You have the right to request from the controller without undue delay the rectification of any inaccurate personal data concerning you and, where applicable, the completion of any incomplete personal data (Art. 16 GDPR).
You have the right to demand from the controller that personal data concerning you be deleted without undue delay, provided that one of the reasons listed in detail in paragraph 17 of the GDPR applies, e.g. if the data is no longer needed for the purposes pursued (right to erasure).
You have the right to request the controller to restrict processing if one of the conditions listed in Art. 18 GDPR applies, e.g. if you have objected to the processing, for the duration of the controller's review.
You have the right to receive the personal data concerning you that you have provided to us in a structured, commonly used and machine-readable format, and you have the right to transfer this data to another controller without hindrance from us, provided that the processing of this data is based on your consent or on a contract and the processing is carried out with the help of automated procedures (Art. 20 GDPR). When exercising the right to data portability, you have the right to obtain that the personal data be transferred directly from us to another controller, insofar as this is technically feasible (right to data portability).
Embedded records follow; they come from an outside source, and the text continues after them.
text \<open>A k-set containing a fixed triple T is determined by the remaining (k-3)-set.\<close>
lemma card_sets_containing_hyperedge_triple_le:
  assumes "finite HH" "\<And>h. h \<in> HH \<Longrightarrow> finite h \<and> card h = r"
  shows "card {V'. V' \<subseteq> {0..<n} \<and> card V' = k \<and> (\<exists>h\<in>HH. \<exists>T. T \<subseteq> h \<and> T \<subseteq> V' \<and> card T = 3)}
           \<le> card HH * r^3 * n^(k - 3)"
proof -
  define triples where "triples h = {T. T \<subseteq> h \<and> card T = 3}" for h :: "nat set"
  define rest where "rest = {U. U \<subseteq> {0..<n} \<and> card U = k - 3}"
  have "finite rest" unfolding rest_def by (rule finite_subset[of _ "Pow {0..<n}"]) auto
  have finite_triples: "finite (triples h)" if "h \<in> HH" for h
    using assms(2)[OF that] unfolding triples_def by simp
  have card_triples: "card (triples h) = r choose 3" if "h \<in> HH" for h
    using assms(2)[OF that] n_subsets[of h 3] unfolding triples_def by simp
  have "{V'. V' \<subseteq> {0..<n} \<and> card V' = k \<and> (\<exists>h\<in>HH. \<exists>T. T \<subseteq> h \<and> T \<subseteq> V' \<and> card T = 3)}
          \<subseteq> (\<Union>h\<in>HH. \<Union>T\<in>triples h. (\<union>) T ` rest)"
  proof safe
    fix V' h T assume V': "V' \<subseteq> {0..<n}" "k = card V'" "h \<in> HH" "T \<subseteq> h" "T \<subseteq> V'" "card T = 3"
    have "finite T" using \<open>card T = 3\<close> card.infinite by fastforce
    then have "card (V' - T) = k - 3" using V'(2,5,6) by (simp add: card_Diff_subset)
    then have "V' - T \<in> rest" unfolding rest_def using V'(1) by blast
    have "T \<in> triples h" unfolding triples_def using V'(4,6) by blast
    have "V' \<in> (\<union>) T ` rest"
      using \<open>V' - T \<in> rest\<close> by (rule rev_image_eqI) (use V'(5) in blast)
    with V'(3) \<open>T \<in> triples h\<close> show "V' \<in> (\<Union>h\<in>HH. \<Union>T\<in>triples h. (\<union>) T ` rest)"
      by blast
  qed
  then have "card {V'. V' \<subseteq> {0..<n} \<and> card V' = k \<and> (\<exists>h\<in>HH. \<exists>T. T \<subseteq> h \<and> T \<subseteq> V' \<and> card T = 3)}
      \<le> card (\<Union>h\<in>HH. \<Union>T\<in>triples h. (\<union>) T ` rest)"
    using assms(1) \<open>finite rest\<close> finite_triples by (intro card_mono) auto
  also have "\<dots> \<le> (\<Sum>h\<in>HH. card (\<Union>T\<in>triples h. (\<union>) T ` rest))"
    by (rule card_UN_le[OF assms(1)])
  also have "\<dots> \<le> (\<Sum>h\<in>HH. (r choose 3) * (n choose (k - 3)))"
  proof (rule sum_mono)
    fix h assume "h \<in> HH"
    have "card (\<Union>T\<in>triples h. (\<union>) T ` rest) \<le> (\<Sum>T\<in>triples h. card ((\<union>) T ` rest))"
      by (rule card_UN_le[OF finite_triples[OF \<open>h \<in> HH\<close>]])
    also have "\<dots> \<le> (\<Sum>T\<in>triples h. n choose (k - 3))"
      using card_image_le[OF \<open>finite rest\<close>] n_subsets[of "{0..<n}" "k - 3"]
      by (intro sum_mono) (simp add: rest_def)
    finally show "card (\<Union>T\<in>triples h. (\<union>) T ` rest) \<le> (r choose 3) * (n choose (k - 3))"
      using card_triples[OF \<open>h \<in> HH\<close>] by simp
  qed
  also have "\<dots> \<le> card HH * (r^3 * n^(k - 3))"
    by (simp add: choose_le_pow mult_le_mono)
  finally show ?thesis by (simp add: mult.assoc)
qed

lemma card_copies_not_one_edge_per_hyperedge_le:
  assumes "HH \<in> uniform_hypergraphs r n" "\<forall>e\<in>G. card e = 2"
  shows "card {c \<in> copies VH EH {0..<n} G. \<not> one_edge_per_hyperedge HH (snd c)}
           \<le> 2^(2^card VH) * card HH * r^3 * n^(card VH - 3)"
proof -
  define W where "W = {V'. V' \<subseteq> {0..<n} \<and> card V' = card VH \<and>
                             (\<exists>h\<in>HH. \<exists>T. T \<subseteq> h \<and> T \<subseteq> V' \<and> card T = 3)}"
  have finite_W: "finite W" unfolding W_def by (rule finite_subset[of _ "Pow {0..<n}"]) auto
  have W_fin: "finite V'" "card V' = card VH" if "V' \<in> W" for V'
    using that finite_subset[of V' "{0..<n}"] unfolding W_def by auto
  have "{c \<in> copies VH EH {0..<n} G. \<not> one_edge_per_hyperedge HH (snd c)} \<subseteq> Sigma W (\<lambda>V'. Pow (Pow V'))"
  proof
    fix c assume "c \<in> {c \<in> copies VH EH {0..<n} G. \<not> one_edge_per_hyperedge HH (snd c)}"
    moreover obtain V' E' where V'E': "c = (V', E')" by (cases c)
    ultimately have c: "(V', E') \<in> copies VH EH {0..<n} G" "\<not> one_edge_per_hyperedge HH E'" by auto
    obtain h T where "h \<in> HH" "T \<subseteq> h" "T \<subseteq> V'" "card T = 3"
      using hyperedge_triple_in_copy[OF c(1) assms(2) c(2)] by blast
    with c(1) show "c \<in> Sigma W (\<lambda>V'. Pow (Pow V'))"
      unfolding W_def V'E' using card_copy_vertices[OF c(1)] by (auto simp: copies_def)
  qed
  then have "card {c \<in> copies VH EH {0..<n} G. \<not> one_edge_per_hyperedge HH (snd c)}
      \<le> card (Sigma W (\<lambda>V'. Pow (Pow V')))"
    using finite_W W_fin by (intro card_mono) auto
  also have "\<dots> = card W * 2^(2^card VH)"
    using finite_W W_fin by (simp add: card_Pow)
  also have "\<dots> \<le> (card HH * r^3 * n^(card VH - 3)) * 2^(2^card VH)"
    unfolding W_def using finite_uniform_hypergraph[OF assms(1)] uniform_hypergraphsD[OF assms(1)]
    by (intro mult_le_mono1 card_sets_containing_hyperedge_triple_le) auto
  finally show ?thesis by (simp only: ac_simps)
qed

lemma double_counting_le:
  assumes "finite A" "finite B"
    and "\<And>a. a \<in> A \<Longrightarrow> d \<le> card {b\<in>B. R a b}"
    and "\<And>b. b \<in> B \<Longrightarrow> card {a\<in>A. R a b} \<le> D"
  shows "card A * d \<le> card B * D"
proof -
  have "card A * d \<le> (\<Sum>a\<in>A. card {b\<in>B. R a b})"
    using sum_bounded_below[of A d] assms(3) by simp
  also have "\<dots> = (\<Sum>b\<in>B. card {a\<in>A. R a b})"
    using sum.swap_restrict[OF assms(1,2), of "\<lambda>_ _. 1::nat" R] by simp
  also have "\<dots> \<le> card B * D"
    using sum_bounded_above[of B _ D] assms(4) by simp
  finally show ?thesis .
qed

definition pair_selections :: "'a set set \<Rightarrow> ('a set \<Rightarrow> 'a set) set" where
  "pair_selections HH = (\<Pi>\<^sub>E h\<in>HH. {e. e \<subseteq> h \<and> card e = 2})"

lemma finite_pair_selections:
  "finite HH \<Longrightarrow> (\<And>h. h \<in> HH \<Longrightarrow> finite h) \<Longrightarrow> finite (pair_selections HH)"
  unfolding pair_selections_def by (intro finite_PiE) auto

lemma card_pair_selections:
  assumes "finite HH" "\<And>h. h \<in> HH \<Longrightarrow> finite h \<and> card h = r"
  shows "card (pair_selections HH) = (r choose 2) ^ card HH"
  unfolding pair_selections_def using assms by (simp add: card_PiE n_subsets)

lemma pair_selectionsD:
  "p \<in> pair_selections HH \<Longrightarrow> h \<in> HH \<Longrightarrow> p h \<subseteq> h \<and> card (p h) = 2"
  unfolding pair_selections_def by auto

text \<open>Pulling back a copy of F in the selected graph along the selection gives a Berge copy of F.\<close>
lemma selected_graph_not_contains_subgraph:
  assumes "is_graph VF EF" "p \<in> pair_selections HH" "\<not> contains_Berge VF EF V HH"
  shows "\<not> contains_subgraph VF EF V (p ` HH)"
proof
  assume "contains_subgraph VF EF V (p ` HH)"
  then obtain \<phi> where \<phi>: "inj_on \<phi> VF" "\<phi> ` VF \<subseteq> V"
    and edges: "\<forall>x\<in>VF. \<forall>y\<in>VF. {x, y} \<in> EF \<longrightarrow> {\<phi> x, \<phi> y} \<in> p ` HH"
    unfolding contains_subgraph_def by blast
  have "\<exists>h. h \<in> HH \<and> p h = \<phi> ` e" if e: "e \<in> EF" for e
  proof -
    obtain x y where "x \<in> VF" "y \<in> VF" "x \<noteq> y" "e = {x, y}"
      using is_graph_edgeE[OF assms(1) e] .
    then have "\<phi> ` e \<in> p ` HH" using edges e by auto
    then show ?thesis by (metis imageE)
  qed
  then have "\<exists>f. \<forall>e\<in>EF. f e \<in> HH \<and> p (f e) = \<phi> ` e"
    by (intro bchoice[of EF "\<lambda>e h. h \<in> HH \<and> p h = \<phi> ` e"]) simp
  then obtain f where f: "\<And>e. e \<in> EF \<Longrightarrow> f e \<in> HH \<and> p (f e) = \<phi> ` e" by blast
  have "inj_on f EF"
  proof (rule inj_onI)
    fix e1 e2 assume "e1 \<in> EF" "e2 \<in> EF" "f e1 = f e2"
    then have "\<phi> ` e1 = \<phi> ` e2" using f by metis
    moreover have "e1 \<subseteq> VF" "e2 \<subseteq> VF"
      using \<open>e1 \<in> EF\<close> \<open>e2 \<in> EF\<close> assms(1) unfolding is_graph_def by auto
    ultimately show "e1 = e2" using \<phi>(1) by (simp add: inj_on_image_eq_iff)
  qed
  moreover have "\<phi> ` e \<subseteq> f e" if "e \<in> EF" for e
    using f[OF that] pair_selectionsD[OF assms(2)] by metis
  moreover have "f ` EF \<subseteq> HH" using f by blast
  ultimately have "contains_Berge VF EF V HH"
    unfolding contains_Berge_def using \<phi> by blast
  with assms(3) show False ..
qed
lemma sum_mult_lap_eq_form: "(\<Sum>i\<in>{1..n}. y i * lap \<sigma> y i) = form \<sigma> y"
proof -
  have edge_sum: "(\<Sum>i\<in>{i\<in>{1..n}. i \<in> e}. y i * (\<Prod>s\<in>e - {i}. y s)) = real k * (\<Prod>s\<in>e. y s)"
    if e: "e \<in> E" for e
  proof -
    have "{i\<in>{1..n}. i \<in> e} = e" using edge_subset[OF e] by auto
    moreover have "y i * (\<Prod>s\<in>e - {i}. y s) = (\<Prod>s\<in>e. y s)" if "i \<in> e" for i
      using finite_edge[OF e] that by (simp add: prod.remove)
    ultimately show ?thesis using card_edge[OF e] by simp
  qed
  have "y i * lap \<sigma> y i
      = real (hdeg E i) * y i ^ k + \<sigma> * (\<Sum>e\<in>{e\<in>E. i \<in> e}. y i * (\<Prod>s\<in>e - {i}. y s))" for i
    using mult_power_pred[of "y i"]
    by (simp add: signed_laplacian_apply_def algebra_simps sum_distrib_left)
  then have "(\<Sum>i\<in>{1..n}. y i * lap \<sigma> y i)
      = (\<Sum>i\<in>{1..n}. real (hdeg E i) * y i ^ k)
        + \<sigma> * (\<Sum>i\<in>{1..n}. \<Sum>e\<in>{e\<in>E. i \<in> e}. y i * (\<Prod>s\<in>e - {i}. y s))"
    by (simp add: sum.distrib sum_distrib_left)
  also have "(\<Sum>i\<in>{1..n}. \<Sum>e\<in>{e\<in>E. i \<in> e}. y i * (\<Prod>s\<in>e - {i}. y s))
      = (\<Sum>e\<in>E. \<Sum>i\<in>{i\<in>{1..n}. i \<in> e}. y i * (\<Prod>s\<in>e - {i}. y s))"
    using finite_edges by (intro sum.swap_restrict) simp_all
  also have "\<dots> = (\<Sum>e\<in>E. real k * (\<Prod>s\<in>e. y s))"
    using edge_sum by simp
  finally show ?thesis
    by (simp add: signed_laplacian_form_def sum_distrib_left mult.assoc)
qed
With regard to the exercise of your rights, you can contact us at any time via the contact options provided on our website.
Right of objection
You have the right to object at any time, on grounds relating to your particular situation, to the processing of personal data concerning you. The controller will then no longer process the personal data unless it can demonstrate compelling legitimate grounds for the processing which override your interests, rights and freedoms, or the processing serves the purpose of asserting, exercising or defending legal claims (Article 21 GDPR).
Right to object to direct advertising
As a rule, we do not engage in direct advertising. Should we nevertheless process your personal data in individual cases for the purpose of direct marketing, you have the right to object at any time to the processing of personal data concerning you for the purpose of such marketing (Art. 21 GDPR).
If you object to the processing for direct marketing purposes, the personal data will no longer be processed for these purposes.
Right of complaint
Without prejudice to any other administrative or judicial remedy, you have the right to lodge a complaint with a supervisory authority if you consider that the processing of personal data concerning you infringes the GDPR (Article 77 GDPR). You may assert this right before a supervisory authority in the Member State of your residence, workplace or the place of the alleged infringement. In Rhineland-Palatinate, the competent supervisory authority is the Rhineland-Palatinate State Commissioner for Data Protection and Freedom of Information, P.O. Box 3040, 55020 Mainz, Germany, who can be reached at the following email: firstname.lastname@example.org.
More information is available at the following link:
Of course, you can also contact us directly if you are dissatisfied or have questions about data protection. The quickest way to reach our internal contact person on the subject of data protection is to use the contact details listed above.
Obligation to provide data
In principle, there is no obligation to provide data. However, the provision of data may be necessary for the use of certain functions or for the conclusion of a contract. If you do not provide the required data, you will not be able to use certain functions or services or a contract cannot be concluded.
Up-to-dateness and changes of this data protection information
This data protection information is up to date as of February 2023.